_Work request_
Return exactly the span of lines in the following data that opens with the line containing "then obtain u'" and closes with the line containing "ultimately show ?thesis". Include nothing else.
--- Records shown Enclosed Below ---
lemma wlength_comp_rword:
  assumes "weyl r k s w" "set u \<subseteq> verts r k s"
  shows "wlength (w \<circ> rword u) \<le> wlength w + length u"
proof -
  obtain u0 where u0: "set u0 \<subseteq> verts r k s" "length u0 = wlength w" "rword u0 = w"
    using reduced_word_exists[OF assms(1)] by blast
  have "wlength (w \<circ> rword u) = wlength (rword (u0 @ u))"
    using u0 by (simp add: rword_append)
  also have "\<dots> \<le> length (u0 @ u)"
    using u0 assms by (intro wlength_rword_le) auto
  finally show ?thesis using u0 by simp
qed

lemma wlength_comp_sref:
  "weyl r k s w \<Longrightarrow> a \<in> verts r k s \<Longrightarrow> wlength (w \<circ> sref r k s a) \<le> Suc (wlength w)"
  using wlength_comp_rword[of w "[a]"] by simp

lemma wlength_le_comp_sref:
  assumes "weyl r k s w" "a \<in> verts r k s"
  shows "wlength w \<le> Suc (wlength (w \<circ> sref r k s a))"
proof -
  have "wlength w = wlength ((w \<circ> sref r k s a) \<circ> sref r k s a)"
    using assms(2) by (simp add: comp_def)
  also have "\<dots> \<le> Suc (wlength (w \<circ> sref r k s a))"
    using assms by (intro wlength_comp_sref weyl_comp_sref)
  finally show ?thesis .
qed

lemma wlength_eq_0: "weyl r k s w \<Longrightarrow> wlength w = 0 \<Longrightarrow> w = id"
  using reduced_word_exists[of w] by auto

lemma wlength_SucE:
  assumes "weyl r k s w" "wlength w = Suc m"
  obtains w' b where "weyl r k s w'" "b \<in> verts r k s" "w = w' \<circ> sref r k s b" "wlength w' = m"
proof -
  obtain u where u: "set u \<subseteq> verts r k s" "length u = Suc m" "rword u = w"
    using reduced_word_exists[OF assms(1)] assms(2) by auto
  then obtain u' b where ub: "u = u' @ [b]" by (metis length_Suc_conv_rev)
  have w': "weyl r k s (rword u')" and b: "b \<in> verts r k s" using u ub by (auto intro: weyl_rword)
  have w: "w = rword u' \<circ> sref r k s b" using u ub by (simp add: rword_append)
  have "wlength (rword u') \<le> m" using wlength_rword_le[of u'] u ub by auto
  moreover have "Suc m \<le> Suc (wlength (rword u'))" using wlength_comp_sref[OF w' b] w assms(2) by simp
  ultimately show ?thesis using that w' b w by simp
qed

end

context
  fixes r k :: nat and s :: "nat \<Rightarrow> nat"
begin

lemma rword_normal_form:
  assumes "[] \<in> C"
    and closed: "\<And>x c. x \<in> A \<Longrightarrow> c \<in> C \<Longrightarrow>
      \<exists>c'\<in>C. sref r k s x \<circ> rword r k s c = rword r k s c' \<and> length c' \<le> Suc (length c)"
  shows "set u \<subseteq> A \<Longrightarrow> \<exists>c\<in>C. rword r k s u = rword r k s c \<and> length c \<le> length u"
proof (induction u)
  case Nil
  then show ?case using assms(1) by auto
next
  case (Cons x u)
  then obtain c where c: "c \<in> C" "rword r k s u = rword r k s c" "length c \<le> length u"
    by auto
  obtain c' where "c' \<in> C" "sref r k s x \<circ> rword r k s c = rword r k s c'" "length c' \<le> Suc (length c)"
    using closed[of x c] Cons.prems c(1) by auto
  then show ?case using c by (intro bexI[of _ c']) auto
qed

lemma commuting_words_closed:
  assumes "a \<in> verts r k s" "b \<in> verts r k s" "cartan a b = 0" "x \<in> {a, b}" "c \<in> {[], [a], [b], [a, b]}"
  shows "\<exists>c'\<in>{[], [a], [b], [a, b]}.
    sref r k s x \<circ> rword r k s c = rword r k s c' \<and> length c' \<le> Suc (length c)"
proof -
  have "sref r k s b (sref r k s a y) = sref r k s a (sref r k s b y)" for y
    using sref_commute[OF assms(1-3)] by simp
  then show ?thesis using assms(1,2,4,5) by (auto simp: fun_eq_iff)
qed

lemma braid_words_closed:
  assumes "a \<in> verts r k s" "b \<in> verts r k s" "cartan a b = -1" "x \<in> {a, b}"
    "c \<in> {[], [a], [b], [a, b], [b, a], [a, b, a]}"
  shows "\<exists>c'\<in>{[], [a], [b], [a, b], [b, a], [a, b, a]}.
    sref r k s x \<circ> rword r k s c = rword r k s c' \<and> length c' \<le> Suc (length c)"
proof -
  have "sref r k s b (sref r k s a (sref r k s b y)) = sref r k s a (sref r k s b (sref r k s a y))" for y
    using sref_braid[OF assms(1-3)] by simp
  then show ?thesis using assms(1,2,4,5) by (auto simp: fun_eq_iff)
qed

lemma rank_two_dichotomy:
  assumes V: "a \<in> verts r k s" "b \<in> verts r k s" "a \<noteq> b" and u: "set u \<subseteq> {a, b}"
  shows "(\<exists>p q. 0 \<le> p \<and> 0 \<le> q \<and> rword r k s u (evec a) = (\<lambda>c. p * evec a c + q * evec b c))
    \<or> (\<exists>u'. set u' \<subseteq> {a, b} \<and> length u' < length u \<and> rword r k s u' = rword r k s u \<circ> sref r k s a)"
proof -
  have shorter: "\<exists>u'. set u' \<subseteq> {a, b} \<and> length u' < length u \<and> rword r k s u' = rword r k s u \<circ> sref r k s a"
    if "set c' \<subseteq> {a, b}" "length c' < length c" "length c \<le> length u"
      "rword r k s c' = rword r k s c \<circ> sref r k s a" "rword r k s u = rword r k s c" for c c'
    using that by (intro exI[of _ c']) auto
  have s_a_twice: "sref r k s a (sref r k s a y) = y" for y using V by simp
  consider "cartan a b = 0" | "cartan a b = -1" using cartan_distinct_cases[OF V(3)] by blast
  then show ?thesis
  proof cases
    case 1
    have commute: "sref r k s a (sref r k s b y) = sref r k s b (sref r k s a y)" for y
      using sref_commute[OF V(1,2) 1] by simp
    obtain c where c: "c \<in> {[], [a], [b], [a, b]}" "rword r k s u = rword r k s c" "length c \<le> length u"
      using rword_normal_form[OF _ commuting_words_closed[OF V(1,2) 1] u] by blast
    then consider "c = []" | "c = [b]" | "c = [a]" | "c = [a, b]" by blast
    then show ?thesis
    proof cases
      case 1 with c show ?thesis by (intro disjI1 exI[of _ 1] exI[of _ 0]) simp
    next
      case 2 with c V \<open>cartan a b = 0\<close> show ?thesis
        by (intro disjI1 exI[of _ 1] exI[of _ 0]) (simp add: sref_evec)
    next
      case 3 with c show ?thesis
        by (intro disjI2 shorter[of "[]" c]) (auto simp: fun_eq_iff s_a_twice)
    next
      case 4 with c show ?thesis
        by (intro disjI2 shorter[of "[b]" c]) (auto simp: fun_eq_iff s_a_twice commute)
    qed
  next
    case 2
    obtain c where c: "c \<in> {[], [a], [b], [a, b], [b, a], [a, b, a]}" "rword r k s u = rword r k s c"
      "length c \<le> length u"
      using rword_normal_form[OF _ braid_words_closed[OF V(1,2) 2] u] by blast
    then consider "c = []" | "c = [b]" | "c = [a, b]" | "c = [a]" | "c = [b, a]" | "c = [a, b, a]"
      by blast
    then show ?thesis
    proof cases
      case 1 with c show ?thesis by (intro disjI1 exI[of _ 1] exI[of _ 0]) simp
    next
      case 2 with c V \<open>cartan a b = -1\<close> show ?thesis
        by (intro disjI1 exI[of _ 1] exI[of _ 1]) (simp add: sref_evec)
    next
      case 3
      have "rword r k s u (evec a) = sref r k s a (\<lambda>c. 1 * evec a c + 1 * evec b c)"
        using 3 c V \<open>cartan a b = -1\<close> by (simp add: sref_evec)
      also have "\<dots> = (\<lambda>c. 0 * evec a c + 1 * evec b c)"
        unfolding sref_linear using V \<open>cartan a b = -1\<close>
        by (simp add: sref_evec cartan_sym[of b a] cartan_def[of a a] fun_eq_iff)
      finally show ?thesis by (intro disjI1 exI[of _ 0] exI[of _ 1]) auto
    next
      case 4 with c show ?thesis
        by (intro disjI2 shorter[of "[]" c]) (auto simp: fun_eq_iff s_a_twice)
    next
      case 5 with c show ?thesis
        by (intro disjI2 shorter[of "[b]" c]) (auto simp: fun_eq_iff s_a_twice)
    next
      case 6 with c show ?thesis
        by (intro disjI2 shorter[of "[a, b]" c]) (auto simp: fun_eq_iff s_a_twice)
    qed
  qed
qed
--- End of Enclosed Records shown ---
_Finished exercise_
  then obtain u' b where ub: "u = u' @ [b]" by (metis length_Suc_conv_rev)
  have w': "weyl r k s (rword u')" and b: "b \<in> verts r k s" using u ub by (auto intro: weyl_rword)
  have w: "w = rword u' \<circ> sref r k s b" using u ub by (simp add: rword_append)
  have "wlength (rword u') \<le> m" using wlength_rword_le[of u'] u ub by auto
  moreover have "Suc m \<le> Suc (wlength (rword u'))" using wlength_comp_sref[OF w' b] w assms(2) by simp
  ultimately show ?thesis using that w' b w by simp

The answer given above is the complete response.